→ **PROMPT**
Here is the task for the records below: repeat exactly the lines from the one with "- 2*pi * of_int" to the one with "by (intro mult_strict_left_mono) auto", both included, and nothing else.

→ **RECORDS TO PROCESS**
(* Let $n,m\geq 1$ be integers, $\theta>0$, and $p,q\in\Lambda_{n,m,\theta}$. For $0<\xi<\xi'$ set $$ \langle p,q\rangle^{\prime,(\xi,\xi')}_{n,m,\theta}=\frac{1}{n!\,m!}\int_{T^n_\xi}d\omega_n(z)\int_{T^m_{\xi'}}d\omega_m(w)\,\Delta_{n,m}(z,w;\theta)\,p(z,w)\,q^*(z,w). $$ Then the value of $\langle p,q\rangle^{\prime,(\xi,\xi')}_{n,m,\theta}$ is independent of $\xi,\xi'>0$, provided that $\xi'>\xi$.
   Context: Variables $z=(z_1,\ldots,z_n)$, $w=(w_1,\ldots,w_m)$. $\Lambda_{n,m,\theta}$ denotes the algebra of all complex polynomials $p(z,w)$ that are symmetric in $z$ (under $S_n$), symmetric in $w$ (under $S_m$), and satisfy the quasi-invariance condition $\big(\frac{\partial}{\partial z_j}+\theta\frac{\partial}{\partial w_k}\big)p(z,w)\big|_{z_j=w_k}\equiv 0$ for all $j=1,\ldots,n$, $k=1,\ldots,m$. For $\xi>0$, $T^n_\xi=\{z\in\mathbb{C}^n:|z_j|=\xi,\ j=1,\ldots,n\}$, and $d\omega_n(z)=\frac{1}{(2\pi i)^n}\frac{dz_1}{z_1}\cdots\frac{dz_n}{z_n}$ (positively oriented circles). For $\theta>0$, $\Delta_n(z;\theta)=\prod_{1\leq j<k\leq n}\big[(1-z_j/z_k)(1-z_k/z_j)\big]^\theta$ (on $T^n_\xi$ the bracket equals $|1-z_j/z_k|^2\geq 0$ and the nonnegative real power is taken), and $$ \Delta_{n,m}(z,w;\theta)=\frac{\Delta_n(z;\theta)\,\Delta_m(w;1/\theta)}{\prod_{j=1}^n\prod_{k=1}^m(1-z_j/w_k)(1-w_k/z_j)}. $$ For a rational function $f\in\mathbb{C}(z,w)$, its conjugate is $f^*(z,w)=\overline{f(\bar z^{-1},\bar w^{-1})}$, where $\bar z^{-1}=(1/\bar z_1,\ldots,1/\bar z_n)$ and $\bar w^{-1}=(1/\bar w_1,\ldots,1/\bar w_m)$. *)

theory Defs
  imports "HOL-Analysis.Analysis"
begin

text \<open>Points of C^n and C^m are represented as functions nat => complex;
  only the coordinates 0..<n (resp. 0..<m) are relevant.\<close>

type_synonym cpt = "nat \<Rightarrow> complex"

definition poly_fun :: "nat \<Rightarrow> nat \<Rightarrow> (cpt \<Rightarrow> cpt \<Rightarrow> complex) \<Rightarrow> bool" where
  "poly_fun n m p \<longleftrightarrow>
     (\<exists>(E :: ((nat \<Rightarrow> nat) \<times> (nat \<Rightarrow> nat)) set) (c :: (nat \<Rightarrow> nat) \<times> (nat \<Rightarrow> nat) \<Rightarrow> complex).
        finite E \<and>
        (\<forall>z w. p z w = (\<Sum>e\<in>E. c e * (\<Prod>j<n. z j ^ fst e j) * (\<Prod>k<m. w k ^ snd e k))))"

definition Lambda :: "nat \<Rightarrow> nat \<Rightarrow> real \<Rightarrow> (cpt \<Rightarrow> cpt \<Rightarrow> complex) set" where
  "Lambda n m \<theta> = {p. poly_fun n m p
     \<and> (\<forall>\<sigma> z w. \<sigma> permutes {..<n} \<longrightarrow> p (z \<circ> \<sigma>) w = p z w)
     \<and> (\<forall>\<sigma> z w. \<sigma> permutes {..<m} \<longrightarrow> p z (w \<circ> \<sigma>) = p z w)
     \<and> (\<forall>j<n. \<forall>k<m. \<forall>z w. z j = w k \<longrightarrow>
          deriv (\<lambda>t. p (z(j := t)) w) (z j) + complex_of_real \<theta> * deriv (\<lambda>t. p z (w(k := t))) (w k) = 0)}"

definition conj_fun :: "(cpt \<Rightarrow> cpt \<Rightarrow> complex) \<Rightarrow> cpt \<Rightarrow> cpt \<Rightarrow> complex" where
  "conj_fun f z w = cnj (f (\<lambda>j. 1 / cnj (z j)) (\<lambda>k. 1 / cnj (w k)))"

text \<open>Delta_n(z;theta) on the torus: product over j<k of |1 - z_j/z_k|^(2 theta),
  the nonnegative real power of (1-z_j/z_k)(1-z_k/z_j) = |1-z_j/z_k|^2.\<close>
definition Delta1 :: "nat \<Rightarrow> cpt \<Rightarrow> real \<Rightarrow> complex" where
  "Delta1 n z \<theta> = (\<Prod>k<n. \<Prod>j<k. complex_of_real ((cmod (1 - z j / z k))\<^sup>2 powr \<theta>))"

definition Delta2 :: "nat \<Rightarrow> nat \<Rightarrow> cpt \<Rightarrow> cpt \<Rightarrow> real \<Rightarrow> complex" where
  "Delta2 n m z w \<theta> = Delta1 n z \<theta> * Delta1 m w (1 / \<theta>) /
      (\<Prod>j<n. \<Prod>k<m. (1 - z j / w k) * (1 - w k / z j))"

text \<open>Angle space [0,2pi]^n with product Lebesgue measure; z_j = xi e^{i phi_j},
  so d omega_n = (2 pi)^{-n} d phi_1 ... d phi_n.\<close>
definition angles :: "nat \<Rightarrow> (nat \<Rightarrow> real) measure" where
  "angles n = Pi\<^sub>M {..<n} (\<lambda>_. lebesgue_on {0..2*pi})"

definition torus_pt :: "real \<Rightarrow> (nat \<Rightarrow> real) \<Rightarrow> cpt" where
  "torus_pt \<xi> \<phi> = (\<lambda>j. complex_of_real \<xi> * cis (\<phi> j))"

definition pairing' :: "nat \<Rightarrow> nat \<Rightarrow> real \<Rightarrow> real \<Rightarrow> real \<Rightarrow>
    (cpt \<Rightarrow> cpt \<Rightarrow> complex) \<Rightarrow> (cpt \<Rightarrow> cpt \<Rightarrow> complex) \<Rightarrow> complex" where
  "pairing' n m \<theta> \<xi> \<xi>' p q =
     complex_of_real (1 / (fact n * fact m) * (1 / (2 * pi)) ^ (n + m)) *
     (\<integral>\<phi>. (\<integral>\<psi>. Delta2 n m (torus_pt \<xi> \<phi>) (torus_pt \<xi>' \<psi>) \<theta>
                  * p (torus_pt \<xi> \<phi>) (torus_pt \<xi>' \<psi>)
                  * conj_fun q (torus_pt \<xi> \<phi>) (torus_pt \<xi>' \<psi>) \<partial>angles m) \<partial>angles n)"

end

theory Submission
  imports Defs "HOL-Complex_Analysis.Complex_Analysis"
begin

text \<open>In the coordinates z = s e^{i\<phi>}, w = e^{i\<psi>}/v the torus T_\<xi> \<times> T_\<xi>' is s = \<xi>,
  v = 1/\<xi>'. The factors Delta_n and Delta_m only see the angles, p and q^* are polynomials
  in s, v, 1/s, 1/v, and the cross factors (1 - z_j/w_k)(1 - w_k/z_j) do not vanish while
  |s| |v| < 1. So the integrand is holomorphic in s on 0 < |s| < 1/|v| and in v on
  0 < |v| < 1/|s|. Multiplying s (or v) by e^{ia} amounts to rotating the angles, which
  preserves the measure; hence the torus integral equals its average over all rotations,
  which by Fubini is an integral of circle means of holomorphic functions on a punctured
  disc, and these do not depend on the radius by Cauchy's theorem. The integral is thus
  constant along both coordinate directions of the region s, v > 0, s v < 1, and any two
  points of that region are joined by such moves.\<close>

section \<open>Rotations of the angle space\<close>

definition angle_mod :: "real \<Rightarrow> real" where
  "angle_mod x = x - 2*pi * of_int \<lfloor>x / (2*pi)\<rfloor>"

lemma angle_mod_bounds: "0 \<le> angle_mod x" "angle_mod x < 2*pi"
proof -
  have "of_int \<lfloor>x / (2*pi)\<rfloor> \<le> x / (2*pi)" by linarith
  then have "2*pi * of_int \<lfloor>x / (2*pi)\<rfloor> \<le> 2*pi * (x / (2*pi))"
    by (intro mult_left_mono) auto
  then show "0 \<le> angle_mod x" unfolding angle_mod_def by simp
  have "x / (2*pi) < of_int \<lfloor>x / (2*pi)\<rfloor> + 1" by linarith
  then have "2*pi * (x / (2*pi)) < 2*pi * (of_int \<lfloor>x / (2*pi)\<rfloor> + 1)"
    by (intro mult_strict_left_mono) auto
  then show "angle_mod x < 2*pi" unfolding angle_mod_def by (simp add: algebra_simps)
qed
--
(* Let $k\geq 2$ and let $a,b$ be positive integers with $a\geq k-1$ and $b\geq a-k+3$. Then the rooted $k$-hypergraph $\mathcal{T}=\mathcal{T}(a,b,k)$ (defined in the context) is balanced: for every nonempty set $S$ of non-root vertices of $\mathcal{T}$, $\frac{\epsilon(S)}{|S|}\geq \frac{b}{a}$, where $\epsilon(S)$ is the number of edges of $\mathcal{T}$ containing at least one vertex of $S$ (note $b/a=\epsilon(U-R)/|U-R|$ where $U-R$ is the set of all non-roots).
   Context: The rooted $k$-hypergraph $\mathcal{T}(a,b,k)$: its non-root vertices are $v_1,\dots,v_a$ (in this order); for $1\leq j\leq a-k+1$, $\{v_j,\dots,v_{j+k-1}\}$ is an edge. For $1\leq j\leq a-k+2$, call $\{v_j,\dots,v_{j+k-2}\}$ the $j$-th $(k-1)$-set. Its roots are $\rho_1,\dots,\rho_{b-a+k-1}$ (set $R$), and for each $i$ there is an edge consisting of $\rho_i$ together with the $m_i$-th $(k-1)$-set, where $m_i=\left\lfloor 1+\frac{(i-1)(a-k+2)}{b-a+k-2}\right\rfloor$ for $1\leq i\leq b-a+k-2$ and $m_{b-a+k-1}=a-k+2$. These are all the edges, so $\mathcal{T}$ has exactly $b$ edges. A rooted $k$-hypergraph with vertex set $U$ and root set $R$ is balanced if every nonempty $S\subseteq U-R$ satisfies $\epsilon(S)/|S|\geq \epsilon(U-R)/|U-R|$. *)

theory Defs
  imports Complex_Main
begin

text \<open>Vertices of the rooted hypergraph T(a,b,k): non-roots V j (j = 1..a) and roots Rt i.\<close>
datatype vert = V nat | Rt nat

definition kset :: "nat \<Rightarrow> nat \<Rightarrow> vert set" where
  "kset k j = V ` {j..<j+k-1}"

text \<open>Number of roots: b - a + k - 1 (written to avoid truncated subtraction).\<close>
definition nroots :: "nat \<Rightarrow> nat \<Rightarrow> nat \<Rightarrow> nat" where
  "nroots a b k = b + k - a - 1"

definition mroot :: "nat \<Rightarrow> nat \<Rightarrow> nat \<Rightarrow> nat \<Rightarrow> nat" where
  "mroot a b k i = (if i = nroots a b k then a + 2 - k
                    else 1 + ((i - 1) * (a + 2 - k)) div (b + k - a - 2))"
...
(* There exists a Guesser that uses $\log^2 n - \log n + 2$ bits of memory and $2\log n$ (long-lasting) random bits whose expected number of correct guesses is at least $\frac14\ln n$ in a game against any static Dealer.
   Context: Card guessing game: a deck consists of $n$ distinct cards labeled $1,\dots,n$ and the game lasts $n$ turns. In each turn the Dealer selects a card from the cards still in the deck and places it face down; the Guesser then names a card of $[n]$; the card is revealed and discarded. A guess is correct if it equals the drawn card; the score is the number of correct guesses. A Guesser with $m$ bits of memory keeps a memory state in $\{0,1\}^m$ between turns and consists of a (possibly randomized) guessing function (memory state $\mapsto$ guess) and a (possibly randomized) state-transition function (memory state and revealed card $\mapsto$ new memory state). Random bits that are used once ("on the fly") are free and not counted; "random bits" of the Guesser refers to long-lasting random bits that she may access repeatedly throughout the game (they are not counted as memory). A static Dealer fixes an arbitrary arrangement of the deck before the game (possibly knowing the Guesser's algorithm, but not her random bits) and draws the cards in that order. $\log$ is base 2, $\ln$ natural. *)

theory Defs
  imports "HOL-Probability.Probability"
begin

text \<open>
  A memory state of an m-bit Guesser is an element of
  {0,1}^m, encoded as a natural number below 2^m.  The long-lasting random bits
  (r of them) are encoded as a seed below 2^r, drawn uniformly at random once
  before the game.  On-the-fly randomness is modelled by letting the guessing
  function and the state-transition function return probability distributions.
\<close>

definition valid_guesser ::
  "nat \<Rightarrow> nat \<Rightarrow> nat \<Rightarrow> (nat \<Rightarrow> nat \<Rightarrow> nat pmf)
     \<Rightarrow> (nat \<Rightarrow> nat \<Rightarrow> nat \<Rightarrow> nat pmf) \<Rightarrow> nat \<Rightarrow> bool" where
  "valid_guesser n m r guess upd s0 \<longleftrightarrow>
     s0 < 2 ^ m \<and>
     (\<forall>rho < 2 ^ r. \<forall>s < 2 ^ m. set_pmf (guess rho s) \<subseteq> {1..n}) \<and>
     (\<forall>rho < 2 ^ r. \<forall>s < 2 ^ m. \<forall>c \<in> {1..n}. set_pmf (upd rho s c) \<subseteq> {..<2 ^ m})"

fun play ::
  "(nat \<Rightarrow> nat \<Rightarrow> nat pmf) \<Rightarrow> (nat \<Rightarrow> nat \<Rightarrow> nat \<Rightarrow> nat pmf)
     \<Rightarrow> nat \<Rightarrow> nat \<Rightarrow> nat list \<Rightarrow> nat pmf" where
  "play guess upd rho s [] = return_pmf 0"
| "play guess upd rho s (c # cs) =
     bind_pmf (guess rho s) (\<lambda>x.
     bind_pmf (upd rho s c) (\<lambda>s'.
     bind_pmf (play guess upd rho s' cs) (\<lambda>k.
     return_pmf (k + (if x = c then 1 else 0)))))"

→ **SOLVED EXERCISE**
  "angle_mod x = x - 2*pi * of_int \<lfloor>x / (2*pi)\<rfloor>"

lemma angle_mod_bounds: "0 \<le> angle_mod x" "angle_mod x < 2*pi"
proof -
  have "of_int \<lfloor>x / (2*pi)\<rfloor> \<le> x / (2*pi)" by linarith
  then have "2*pi * of_int \<lfloor>x / (2*pi)\<rfloor> \<le> 2*pi * (x / (2*pi))"
    by (intro mult_left_mono) auto
  then show "0 \<le> angle_mod x" unfolding angle_mod_def by simp
  have "x / (2*pi) < of_int \<lfloor>x / (2*pi)\<rfloor> + 1" by linarith
  then have "2*pi * (x / (2*pi)) < 2*pi * (of_int \<lfloor>x / (2*pi)\<rfloor> + 1)"
    by (intro mult_strict_left_mono) auto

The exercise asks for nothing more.